Ravi sat silently and appeared to show no emotion, as he had throughout the four-week trial. That changed when his mother, Sabitha Ravi, broke down in sobs that filled the courtroom as she pleaded for leniency. Ravi wiped tears from his eyes as his mother said he had “suffered enough.”

Acknowledging that his sentence probably would please few, Berman prefaced it with a stern lecture: “I heard this jury say ‘guilty’ 288 times. 24 questions, 12 jurors. That’s the multiplication. And I haven’t heard you apologize once.”

Berman said he did not believe Ravi was motivated by anti-gay hatred. “But I do believe he acted out of colossal insensitivity,” he said.

He ordered Ravi to report in 10 days to begin serving his time. Ravi must perform 300 hours of community service and pay a $10,000 fine that will go to help victims of bias crimes.

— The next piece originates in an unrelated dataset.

(* Let $\sigma^2>0$, $a>1$, let $Z_i$ be i.i.d. $\mathcal{N}(0,\sigma^2)$, $U_0=0$, $U_i=aU_{i-1}+Z_i$, $\hat a_{\mathrm{ML}}(u_1^n)=\frac{\sum_{i=1}^{n-1}u_iu_{i+1}}{\sum_{i=1}^{n-1}u_i^2}$, $P^+(n,a,\eta)=-\frac1n\log\mathbb{P}[\hat a_{\mathrm{ML}}(U_1^n)-a>\eta]$ and $P^-(n,a,\eta)=-\frac1n\log\mathbb{P}[\hat a_{\mathrm{ML}}(U_1^n)-a<-\eta]$. Let $(\eta_n)$ be a positive sequence with $\eta_n=\omega(1/\sqrt n)$, i.e. $\sqrt n\,\eta_n\to\infty$. For each $n$ and $s>0$ define $\alpha_{n,1}=\beta_{n,1}=\frac{\sigma^2s^2-2\eta_ns}{2}$, and for $\ell=2,\ldots,n$, $\alpha_{n,\ell}=\frac{[a^2+2\sigma^2s(a+\eta_n)]\alpha_{n,\ell-1}+\alpha_{n,1}}{1-2\sigma^2\alpha_{n,\ell-1}}$, $\beta_{n,\ell}=\frac{[a^2+2\sigma^2s(-a+\eta_n)]\beta_{n,\ell-1}+\beta_{n,1}}{1-2\sigma^2\beta_{n,\ell-1}}$, and let $\mathcal{S}_n^+=\{s>0:\alpha_{n,\ell}<\frac1{2\sigma^2}\ \forall\ell\in\{1,\ldots,n\}\}$, $\mathcal{S}_n^-=\{s>0:\beta_{n,\ell}<\frac1{2\sigma^2}\ \forall\ell\in\{1,\ldots,n\}\}$. Then for every $n\ge2$, $$P^+(n,a,\eta_n)\ge\sup_{s\in\mathcal{S}_n^+}\frac1{2n}\sum_{\ell=1}^{n-1}\log(1-2\sigma^2\alpha_{n,\ell}),\qquad P^-(n,a,\eta_n)\ge\sup_{s\in\mathcal{S}_n^-}\frac1{2n}\sum_{\ell=1}^{n-1}\log(1-2\sigma^2\beta_{n,\ell}),$$ and moreover $$\liminf_{n\to\infty}P^+(n,a,\eta_n)\ge\log a,\qquad \liminf_{n\to\infty}P^-(n,a,\eta_n)\ge\log a.$$
   Context: Logarithms are natural. *)

theory Defs
  imports "HOL-Probability.Probability"
begin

He faces three years’ probation and must undergo counseling about cyber-bullying.

Neither side made statements after the sentencing.

Marc R. Poirier, a professor of law at Seton Hall University in New Jersey who specializes in bias crime and gender issues, noted that the case had ushered in a rigorous anti-bullying law in the state and forced institutions to pay more attention to cyber-bullying.

“I believe the judge’s sentence will send a message to kids and (perhaps more importantly) … to their parents about the consequences of behaving the way Ravi did,” he wrote in an email.

Poirier said the Ravi case, like that of George Zimmerman — accused of second-degree murder in the shooting death of Trayvon Martin in Florida — “serves to reopen a nationwide conversation about hate crime/bias crime/bias intimidation laws and whether they are useful tools, and if so, for what.”